(* Let $X$ be a uniformly locally finite metric space and $h\colon X\to\mathbb{R}$ a map, regarded also as the multiplication operator on $\ell_2(X)$. The following are equivalent: (1) the map $h$ is coarse; (2) $\mathrm{dom}(h)$ is invariant under partial translations and, for every $r>0$, $\sup_f\|[h,v_f]\|<\infty$, the supremum over all partial $r$-translations $f$ of $X$; (3) $\mathrm{dom}(h)$ is invariant under partial translations and $\|[h,v_f]\|<\infty$ for every partial translation $f$ of $X$.
   Context: Uniformly locally finite: $\sup_x|B_r(x)|<\infty$ for all $r>0$. The multiplication operator of $h$ has domain $\{\xi\in\ell_2(X):\sum_x|h_x\xi_x|^2<\infty\}$ and $(h\xi)_x=h_x\xi_x$. A map $h\colon X\to\mathbb{R}$ is coarse if for every $r>0$ there is $s>0$ with $|h_x-h_z|\le s$ whenever $d(x,z)\le r$. A partial translation is a bijection $f\colon\mathrm{dom}(f)\subseteq X\to\mathrm{ran}(f)\subseteq X$ with $\sup_{x\in\mathrm{dom}(f)}d(x,f(x))<\infty$; it is a partial $r$-translation if this supremum is at most $r$. $v_f\delta_x=\delta_{f(x)}$ for $x\in\mathrm{dom}(f)$ and $0$ otherwise. A subspace $E$ is invariant under partial translations if $v_f(E)\subseteq E$ for all partial translations $f$. $[h,v_f]=hv_f-v_fh$ on $\mathrm{dom}(h)$, and $\|\cdot\|$ denotes the possibly infinite operator norm on the domain. *)

theory Defs
  imports "HOL-Analysis.Analysis"
begin

definition unif_locally_finite :: "'a::metric_space itself \<Rightarrow> bool" where
  "unif_locally_finite _ \<longleftrightarrow>
     (\<forall>r>0. \<exists>N::nat. \<forall>x::'a. finite (cball x r) \<and> card (cball x r) \<le> N)"

definition coarse_map :: "('a::metric_space \<Rightarrow> real) \<Rightarrow> bool" where
  "coarse_map h \<longleftrightarrow> (\<forall>r>0. \<exists>s>0. \<forall>x z. dist x z \<le> r \<longrightarrow> \<bar>h x - h z\<bar> \<le> s)"

definition l2 :: "('a \<Rightarrow> complex) set" where
  "l2 = {\<xi>. (\<lambda>x. (norm (\<xi> x))\<^sup>2) summable_on UNIV}"

definition l2norm :: "('a \<Rightarrow> complex) \<Rightarrow> ennreal" where
  "l2norm \<xi> = (if (\<lambda>x. (norm (\<xi> x))\<^sup>2) summable_on UNIV
                then ennreal (sqrt (infsum (\<lambda>x. (norm (\<xi> x))\<^sup>2) UNIV)) else \<infinity>)"

definition mult_op :: "('a \<Rightarrow> real) \<Rightarrow> ('a \<Rightarrow> complex) \<Rightarrow> ('a \<Rightarrow> complex)" where
  "mult_op h \<xi> = (\<lambda>x. complex_of_real (h x) * \<xi> x)"

definition mult_dom :: "('a \<Rightarrow> real) \<Rightarrow> ('a \<Rightarrow> complex) set" where
  "mult_dom h = {\<xi> \<in> l2. (\<lambda>x. (norm (complex_of_real (h x) * \<xi> x))\<^sup>2) summable_on UNIV}"

definition partial_translation :: "'a::metric_space set \<Rightarrow> ('a \<Rightarrow> 'a) \<Rightarrow> bool" where
  "partial_translation D f \<longleftrightarrow> inj_on f D \<and> (\<exists>r. \<forall>x\<in>D. dist x (f x) \<le> r)"

definition partial_r_translation :: "real \<Rightarrow> 'a::metric_space set \<Rightarrow> ('a \<Rightarrow> 'a) \<Rightarrow> bool" where
  "partial_r_translation r D f \<longleftrightarrow> inj_on f D \<and> (\<forall>x\<in>D. dist x (f x) \<le> r)"

text \<open>v_f delta_x = delta_{f x} for x in D, 0 otherwise\<close>
definition vop :: "'a set \<Rightarrow> ('a \<Rightarrow> 'a) \<Rightarrow> ('a \<Rightarrow> complex) \<Rightarrow> ('a \<Rightarrow> complex)" where
  "vop D f \<xi> = (\<lambda>y. if y \<in> f ` D then \<xi> (the_inv_into D f y) else 0)"

definition invariant_under_pt :: "('a::metric_space \<Rightarrow> complex) set \<Rightarrow> bool" where
  "invariant_under_pt E \<longleftrightarrow> (\<forall>D f. partial_translation D f \<longrightarrow> vop D f ` E \<subseteq> E)"

definition commutator :: "('a \<Rightarrow> real) \<Rightarrow> 'a set \<Rightarrow> ('a \<Rightarrow> 'a) \<Rightarrow> ('a \<Rightarrow> complex) \<Rightarrow> ('a \<Rightarrow> complex)" where
  "commutator h D f \<xi> = (\<lambda>y. mult_op h (vop D f \<xi>) y - vop D f (mult_op h \<xi>) y)"

definition op_norm_on :: "('a \<Rightarrow> complex) set \<Rightarrow> (('a \<Rightarrow> complex) \<Rightarrow> ('a \<Rightarrow> complex)) \<Rightarrow> ennreal" where
  "op_norm_on E T = (SUP \<xi>\<in>{\<xi>\<in>E. l2norm \<xi> \<le> 1}. l2norm (T \<xi>))"

end

theory Submission
  imports Defs
begin

text \<open>For a partial translation \<open>f\<close>, the commutator \<open>[h, v\<^sub>f]\<close> is the weighted shift
  \<open>\<delta>\<^sub>x \<mapsto> (h (f x) - h x) \<delta>\<^bsub>f x\<^esub>\<close>. Its norm is at most the supremum of the jumps
  \<open>\<bar>h (f x) - h x\<bar>\<close> over \<open>dom f\<close> and at least each single jump (test on \<open>\<delta>\<^sub>x\<close>).
  So coarseness bounds the commutators uniformly over partial \<open>r\<close>-translations, and
  \<open>dom h\<close> is invariant because \<open>h v\<^sub>f = [h, v\<^sub>f] + v\<^sub>f h\<close>. Conversely, if \<open>h\<close> is not
  coarse at scale \<open>r\<close>, local finiteness lets one choose greedily pairs \<open>(x\<^sub>n, z\<^sub>n)\<close> with
  \<open>d(x\<^sub>n, z\<^sub>n) \<le> r\<close>, \<open>\<bar>h x\<^sub>n - h z\<^sub>n\<bar> > n\<close>, pairwise distinct \<open>x\<^sub>n\<close> and pairwise distinct
  \<open>z\<^sub>n\<close>; then \<open>x\<^sub>n \<mapsto> z\<^sub>n\<close> is a partial translation with unbounded commutator.\<close>

definition weighted_shift ::
    "'a set \<Rightarrow> ('a \<Rightarrow> 'a) \<Rightarrow> ('a \<Rightarrow> complex) \<Rightarrow> ('a \<Rightarrow> complex) \<Rightarrow> ('a \<Rightarrow> complex)" where
  "weighted_shift D f c \<xi> =
     (\<lambda>y. if y \<in> f ` D then c (the_inv_into D f y) * \<xi> (the_inv_into D f y) else 0)"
○ ○ ○ ○ ○
### Task to carry out
What do the lines from the one with "D f c \<xi>" through the last line of the entries say? Print them word for word, both ends included, and nothing else.

### Written solution
  "weighted_shift D f c \<xi> =
     (\<lambda>y. if y \<in> f ` D then c (the_inv_into D f y) * \<xi> (the_inv_into D f y) else 0)"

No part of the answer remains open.